**Task details:** The response should contain only those lines of the entries below that include the string "fixes".
━━ Input records ━━
lemma unit_notin_principal_ideal:
  assumes y: "0 \<le> y" "norm y = 1"
  shows "e \<notin> ideal_join {0} (e - y)"
proof
  assume "e \<in> ideal_join {0} (e - y)"
  then obtain l where l: "e \<le> l *\<^sub>R (e - y)"
    unfolding ideal_join_def using lmod_eq_self[OF unit_nonneg] by auto
  have "y \<le> e"
    using lmod_le_norm_unit[of y] y by (simp add: lmod_eq_self)
  show False
  proof (cases "l \<le> 1")
    case True
    have "l *\<^sub>R (e - y) \<le> 1 *\<^sub>R (e - y)"
      using True \<open>y \<le> e\<close> by (intro scaleR_right_mono) simp_all
    from order_trans[OF l this] have "y \<le> 0"
      by simp
    with y have "y = 0"
      by simp
    with y show False
      by simp
  next
    case False
    have "l *\<^sub>R y \<le> (l - 1) *\<^sub>R e"
      using l by (simp add: algebra_simps)
    then have "inverse l *\<^sub>R (l *\<^sub>R y) \<le> inverse l *\<^sub>R ((l - 1) *\<^sub>R e)"
      using False by (intro scaleR_left_mono) simp_all
    moreover have "inverse l *\<^sub>R (l *\<^sub>R y) = y"
      using False by simp
    moreover have "inverse l *\<^sub>R ((l - 1) *\<^sub>R e) = ((l - 1) / l) *\<^sub>R e"
      by (simp add: divide_inverse mult.commute)
    ultimately have "y \<le> ((l - 1) / l) *\<^sub>R e"
      by (simp only:)
    then have "lmod y \<le> ((l - 1) / l) *\<^sub>R e"
      by (simp only: lmod_eq_self[OF y(1)])
    then have "norm y \<le> (l - 1) / l"
      using False by (intro norm_le_if_lmod_le) simp_all
    with False y(2) show False
      by (simp add: field_simps)
  qed
qed
(* Let $N,\mu,\beta,\sigma,\gamma,p>0$ and $0<\rho<1$ and consider $$\begin{aligned}S'&=\mu N-\tfrac{\beta}{N}S(1-\rho)I-\tfrac{p}{N}S-\mu S, & E'&=\tfrac{\beta}{N}S(1-\rho)I-(\sigma+\mu) E, & I'&=\sigma E-(\gamma+\mu) I,\\ R'&=\gamma I-\mu R, & V'&=\tfrac{p}{N}S-\mu V,\end{aligned}$$ on the invariant region $\Sigma=\{(S,E,I,R,V)\in\mathbb{R}_+^5: S+E+I+R+V=N\}$. Let $\mathcal{R}_0=\dfrac{\mu N\sigma\beta(1-\rho)}{(\sigma+\mu)(\gamma+\mu)(p+\mu N)}$. If $\mathcal{R}_0<1$, then the disease-free equilibrium $P^*=\left(\frac{\mu N^2}{p+\mu N},0,0,0,\frac{pN}{p+\mu N}\right)$ is globally asymptotically stable in $\Sigma$.
   Context: SEIR model with vaccination at constant effective rate $p$ and equal birth/death rate $\mu$. Global asymptotic stability in $\Sigma$ means $P^*$ is stable and every solution starting in $\Sigma$ converges to $P^*$ as $t\to+\infty$. *)

theory Defs
  imports "HOL-Analysis.Analysis"
begin

type_synonym state = "real \<times> real \<times> real \<times> real \<times> real"

definition seir_field ::
  "real \<Rightarrow> real \<Rightarrow> real \<Rightarrow> real \<Rightarrow> real \<Rightarrow> real \<Rightarrow> real \<Rightarrow> state \<Rightarrow> state" where
  "seir_field N \<mu> \<beta> \<sigma> \<gamma> p \<rho> = (\<lambda>(S, E, I, R, V).
     (\<mu> * N - \<beta> / N * S * (1 - \<rho>) * I - p / N * S - \<mu> * S,
      \<beta> / N * S * (1 - \<rho>) * I - (\<sigma> + \<mu>) * E,
      \<sigma> * E - (\<gamma> + \<mu>) * I,
      \<gamma> * I - \<mu> * R,
      p / N * S - \<mu> * V))"

definition Sigma_region :: "real \<Rightarrow> state set" where
  "Sigma_region N = {(S, E, I, R, V). S \<ge> 0 \<and> E \<ge> 0 \<and> I \<ge> 0 \<and> R \<ge> 0 \<and> V \<ge> 0
                       \<and> S + E + I + R + V = N}"

definition is_solution :: "(state \<Rightarrow> state) \<Rightarrow> (real \<Rightarrow> state) \<Rightarrow> bool" where
  "is_solution f x \<longleftrightarrow>
     (\<forall>t\<ge>0. (x has_vector_derivative f (x t)) (at t within {0..}))"

definition globally_asymptotically_stable_in ::
  "(state \<Rightarrow> state) \<Rightarrow> state \<Rightarrow> state set \<Rightarrow> bool" where
  "globally_asymptotically_stable_in f P D \<longleftrightarrow>
     (\<forall>\<epsilon>>0. \<exists>\<delta>>0. \<forall>x. is_solution f x \<and> x 0 \<in> D \<and> dist (x 0) P < \<delta>
            \<longrightarrow> (\<forall>t\<ge>0. dist (x t) P < \<epsilon>))
   \<and> (\<forall>x. is_solution f x \<and> x 0 \<in> D \<longrightarrow> (x \<longlongrightarrow> P) at_top)"

end

theory Submission
  imports Defs "HOL-Real_Asymp.Real_Asymp"
begin

(*
  Write c = beta (1 - rho) / N and k = p / N + mu, so that S' = mu N - c S I - k S and
  S_star = mu N / k.  The notion of solution does not presuppose that Sigma is invariant, so S, E, I
  are first shown to stay nonnegative by barrier arguments.  Then c S I >= 0 gives
  (S - S_star)' <= -k (S - S_star), hence S eventually stays below any S1 > S_star.  The hypothesis R0 < 1
  says exactly c S_star sigma < (sigma + mu) (gamma + mu); so for some S1 > S_star the Metzler matrix
  [[-(sigma + mu), c S1], [sigma, -(gamma + mu)]] of the (E, I)-subsystem is Hurwitz and has a
  linear Lyapunov function L = E + r I with L' <= -kappa L as long as S <= S1.  Thus E and I
  decay exponentially, and S, R, V converge because each solves a stable linear equation
  z' = -k z + w whose input w tends to 0.  Stability is the same estimate made quantitative:
  starting at distance delta <= S1 - S_star from P*, every component stays within a fixed multiple
  of delta.
*)

lemma has_vector_derivative_fst:
  "(f has_vector_derivative v) F \<Longrightarrow> ((\<lambda>t. fst (f t)) has_vector_derivative fst v) F"
  unfolding has_vector_derivative_def by (drule has_derivative_fst) simp

lemma has_vector_derivative_snd:
  "(f has_vector_derivative v) F \<Longrightarrow> ((\<lambda>t. snd (f t)) has_vector_derivative snd v) F"
  unfolding has_vector_derivative_def by (drule has_derivative_snd) simp

lemma DERIV_within_nonpos_imp_nonincreasing:
  fixes u u' :: "real \<Rightarrow> real"
  assumes "a \<le> b" "{a..b} \<subseteq> S"
    and deriv: "\<And>s. s \<in> {a..b} \<Longrightarrow> (u has_real_derivative u' s) (at s within S)"
    and nonpos: "\<And>s. s \<in> {a..b} \<Longrightarrow> u' s \<le> 0"
  shows "u b \<le> u a"
proof -
  have "(u has_derivative (*) (u' s)) (at s within {a..b})" if "a \<le> s" "s \<le> b" for s
    using has_field_derivative_subset[OF deriv assms(2)] that
    by (simp add: has_field_derivative_def)
  from mvt_very_simple[OF \<open>a \<le> b\<close> this] obtain s where "s \<in> {a..b}" "u b - u a = u' s * (b - a)"
    by blast
  with \<open>a \<le> b\<close> nonpos[of s] show ?thesis
    using mult_nonpos_nonneg[of "u' s" "b - a"] by linarith
qed

lemma linear_comparison_bound:
  fixes z z' :: "real \<Rightarrow> real"
  assumes "k > 0" "{t0..} \<subseteq> S"
    and deriv: "\<And>t. t0 \<le> t \<Longrightarrow> (z has_real_derivative z' t) (at t within S)"
    and ineq: "\<And>t. t0 \<le> t \<Longrightarrow> z' t \<le> - k * z t + M"
    and "t0 \<le> t"
  shows "z t - M / k \<le> (z t0 - M / k) * exp (- k * (t - t0))"
proof -
  define u where "u s = (z s - M / k) * exp (k * s)" for s
  have "u t \<le> u t0"
  proof (rule DERIV_within_nonpos_imp_nonincreasing[OF \<open>t0 \<le> t\<close>])
    show "{t0..t} \<subseteq> S" using assms(2) by auto
    fix s assume s: "s \<in> {t0..t}"
    show "(u has_real_derivative (z' s + k * z s - M) * exp (k * s)) (at s within S)"
      unfolding u_def using deriv[of s] s \<open>k > 0\<close>
      by (auto intro!: derivative_eq_intros simp: field_simps)
    show "(z' s + k * z s - M) * exp (k * s) \<le> 0"
      using ineq[of s] s by (simp add: mult_nonpos_nonneg)
  qed
  then have "z t - M / k \<le> (z t0 - M / k) * (exp (k * t0) / exp (k * t))"
    by (simp add: u_def pos_le_divide_eq)
  also have "exp (k * t0) / exp (k * t) = exp (- k * (t - t0))"
    by (simp add: exp_diff[symmetric] algebra_simps)
  finally show ?thesis .
qed

lemma linear_forced_abs_bound:
  fixes z w :: "real \<Rightarrow> real"
  assumes "k > 0" "{t0..} \<subseteq> S"
    and deriv: "\<And>t. t0 \<le> t \<Longrightarrow> (z has_real_derivative - k * z t + w t) (at t within S)"
    and bound: "\<And>t. t0 \<le> t \<Longrightarrow> \<bar>w t\<bar> \<le> M"
    and "t0 \<le> t"
  shows "\<bar>z t\<bar> \<le> M / k + \<bar>z t0\<bar> * exp (- k * (t - t0))"
proof -
  have "M / k \<ge> 0" using bound[of t0] \<open>k > 0\<close> by simp
  have "z t - M / k \<le> (z t0 - M / k) * exp (- k * (t - t0))"
    by (rule linear_comparison_bound[OF assms(1,2) deriv _ \<open>t0 \<le> t\<close>])
       (use bound in \<open>auto simp: abs_le_iff\<close>)
  moreover have "- z t - M / k \<le> (- z t0 - M / k) * exp (- k * (t - t0))"
    by (rule linear_comparison_bound[OF assms(1,2) DERIV_minus[OF deriv] _ \<open>t0 \<le> t\<close>])
       (use bound in \<open>auto simp: abs_le_iff\<close>)
  moreover have "(z t0 - M / k) * exp (- k * (t - t0)) \<le> \<bar>z t0\<bar> * exp (- k * (t - t0))"
    and "(- z t0 - M / k) * exp (- k * (t - t0)) \<le> \<bar>z t0\<bar> * exp (- k * (t - t0))"
    using \<open>M / k \<ge> 0\<close> by (auto intro!: mult_right_mono)
  ultimately show ?thesis by linarith
qed

lemma linear_forced_abs_le:
  fixes z w :: "real \<Rightarrow> real"
  assumes "k > 0" "{t0..} \<subseteq> S"
    and "\<And>t. t0 \<le> t \<Longrightarrow> (z has_real_derivative - k * z t + w t) (at t within S)"
    and "\<And>t. t0 \<le> t \<Longrightarrow> \<bar>w t\<bar> \<le> M"
    and "t0 \<le> t"
  shows "\<bar>z t\<bar> \<le> M / k + \<bar>z t0\<bar>"
proof -
  have "\<bar>z t0\<bar> * exp (- k * (t - t0)) \<le> \<bar>z t0\<bar>"
    using assms(1,5) by (intro mult_left_le) auto
  with linear_forced_abs_bound[OF assms] show ?thesis by simp
qed

lemma exp_decay_tendsto_zero:
  fixes k :: real
  assumes "k > 0"
  shows "((\<lambda>t. C * exp (- k * (t - t0))) \<longlongrightarrow> 0) at_top"
  by (intro tendsto_mult_right_zero) (use assms in real_asymp)

lemma linear_forced_tendsto_zero:
  fixes z w :: "real \<Rightarrow> real"
  assumes "k > 0" "{t0..} \<subseteq> S"
    and deriv: "\<And>t. t0 \<le> t \<Longrightarrow> (z has_real_derivative - k * z t + w t) (at t within S)"
    and "(w \<longlongrightarrow> 0) at_top"
  shows "(z \<longlongrightarrow> 0) at_top"
  unfolding tendsto_iff
proof (intro allI impI)
  fix \<eta> :: real assume "\<eta> > 0"
  with \<open>k > 0\<close> have "eventually (\<lambda>t. dist (w t) 0 < k * \<eta> / 2) at_top"
    by (intro tendstoD[OF \<open>(w \<longlongrightarrow> 0) at_top\<close>]) simp
  then obtain t' where t': "\<And>t. t' \<le> t \<Longrightarrow> \<bar>w t\<bar> < k * \<eta> / 2"
    unfolding eventually_at_top_linorder dist_real_def by auto
  define t1 where "t1 = max t0 t'"
  have t1: "t0 \<le> t1" "\<And>t. t1 \<le> t \<Longrightarrow> \<bar>w t\<bar> \<le> k * \<eta> / 2"
    using t' by (auto simp: t1_def less_imp_le)
  from exp_decay_tendsto_zero[OF \<open>k > 0\<close>, of "\<bar>z t1\<bar>" t1]
  have "eventually (\<lambda>t. \<bar>z t1\<bar> * exp (- k * (t - t1)) < \<eta> / 2) at_top"
    using order_tendstoD(2)[of _ 0 _ "\<eta> / 2"] \<open>\<eta> > 0\<close> by simp
  moreover have "eventually (\<lambda>t. t1 \<le> t) at_top" by simp
  ultimately show "eventually (\<lambda>t. dist (z t) 0 < \<eta>) at_top"
  proof eventually_elim
    case (elim t)
    have "\<bar>z t\<bar> \<le> (k * \<eta> / 2) / k + \<bar>z t1\<bar> * exp (- k * (t - t1))"
      by (rule linear_forced_abs_bound[OF \<open>k > 0\<close> _ deriv t1(2)]) (use assms(2) t1 elim in auto)
    with elim \<open>k > 0\<close> show ?case by simp
  qed
qed

lemma Icc_subset_if_Ico_subset_closed:
  fixes a m :: real
  assumes "closed C" "a \<in> C" "{a..<m} \<subseteq> C"
  shows "{a..m} \<subseteq> C"
proof (cases "a < m")
  case True
  then have "closure {a..<m} = {a..m}" by simp
  with closure_minimal[OF \<open>{a..<m} \<subseteq> C\<close> \<open>closed C\<close>] show ?thesis by simp
next
  case False
  then have "{a..m} \<subseteq> {a}" by auto
  with \<open>a \<in> C\<close> show ?thesis by auto
qed

lemma Icc_subset_by_right_continuation:
  fixes a b :: real
  assumes "closed C" "a \<in> C"
    and step: "\<And>t. a \<le> t \<Longrightarrow> t < b \<Longrightarrow> {a..t} \<subseteq> C \<Longrightarrow> eventually (\<lambda>s. s \<in> C) (at_right t)"
  shows "{a..b} \<subseteq> C"
proof (cases "a \<le> b")
  case True
  define A where "A = {t \<in> {a..b}. {a..t} \<subseteq> C}"
  define m where "m = Sup A"
  have "a \<in> A" using True \<open>a \<in> C\<close> by (auto simp: A_def)
  have bdd: "bdd_above A" by (rule bdd_aboveI[of _ b]) (auto simp: A_def)
  have "a \<le> m" using cSup_upper[OF \<open>a \<in> A\<close> bdd] by (simp add: m_def)
  have "m \<le> b" unfolding m_def using \<open>a \<in> A\<close> by (intro cSup_least) (auto simp: A_def)
  have "{a..<m} \<subseteq> C"
  proof
    fix u assume "u \<in> {a..<m}"
    then obtain t where "t \<in> A" "u < t"
      using less_cSup_iff[OF _ bdd] \<open>a \<in> A\<close> unfolding m_def by force
    with \<open>u \<in> {a..<m}\<close> show "u \<in> C" by (auto simp: A_def)
  qed
  with assms(1,2) have up_to_m: "{a..m} \<subseteq> C" by (rule Icc_subset_if_Ico_subset_closed)
  show ?thesis
  proof (rule ccontr)
    assume "\<not> {a..b} \<subseteq> C"
    with up_to_m have "m \<noteq> b" by auto
    with \<open>m \<le> b\<close> have "m < b" by simp
    from step[OF \<open>a \<le> m\<close> this up_to_m]
    obtain d where "d > m" and right_of_m: "\<And>s. m < s \<Longrightarrow> s < d \<Longrightarrow> s \<in> C"
      unfolding eventually_at_right_field by blast
    define s where "s = min ((m + d) / 2) b"
    have "m < s" using \<open>d > m\<close> \<open>m < b\<close> by (simp add: s_def)
    moreover have "s \<in> A" unfolding A_def
    proof (intro CollectI conjI subsetI)
      show "s \<in> {a..b}" using \<open>a \<le> m\<close> \<open>m < s\<close> by (simp add: s_def)
      fix u assume "u \<in> {a..s}"
      show "u \<in> C"
      proof (cases "u \<le> m")
        case False
        with \<open>u \<in> {a..s}\<close> \<open>d > m\<close> show ?thesis by (intro right_of_m) (auto simp: s_def)
      qed (use up_to_m \<open>u \<in> {a..s}\<close> in auto)
    qed
    ultimately show False using cSup_upper[OF _ bdd] unfolding m_def by force
  qed
qed simp

lemma eventually_at_right_nonneg:
  fixes f :: "real \<Rightarrow> real"
  assumes deriv: "(f has_real_derivative D) (at_right t)"
    and "f t \<ge> 0" and pos: "f t = 0 \<Longrightarrow> D > 0"
  shows "eventually (\<lambda>s. f s \<ge> 0) (at_right t)"
proof (cases "f t = 0")
  case True
  from has_real_derivative_pos_inc_right[OF deriv pos[OF True]]
  obtain d where "d > 0" and increase: "\<And>h. h > 0 \<Longrightarrow> h < d \<Longrightarrow> f t < f (t + h)"
    by auto
  show ?thesis unfolding eventually_at_right_field
  proof (intro exI[of _ "t + d"] conjI allI impI)
    show "t < t + d" using \<open>d > 0\<close> by simp
    fix s assume "t < s" "s < t + d"
    with increase[of "s - t"] True show "f s \<ge> 0" by simp
  qed
next
  case False
  with \<open>f t \<ge> 0\<close> have "f t > 0" by simp
  have "(f \<longlongrightarrow> f t) (at_right t)"
    using DERIV_continuous[OF deriv] by (simp add: continuous_within)
  from order_tendstoD(1)[OF this \<open>f t > 0\<close>] show ?thesis
    by (rule eventually_mono) simp
qed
━━━
**Solution for this task:**
  fixes u u' :: "real \<Rightarrow> real"
  fixes z z' :: "real \<Rightarrow> real"
  fixes z w :: "real \<Rightarrow> real"
  fixes z w :: "real \<Rightarrow> real"
  fixes k :: real
  fixes z w :: "real \<Rightarrow> real"
  fixes a m :: real
  fixes a b :: real
  fixes f :: "real \<Rightarrow> real"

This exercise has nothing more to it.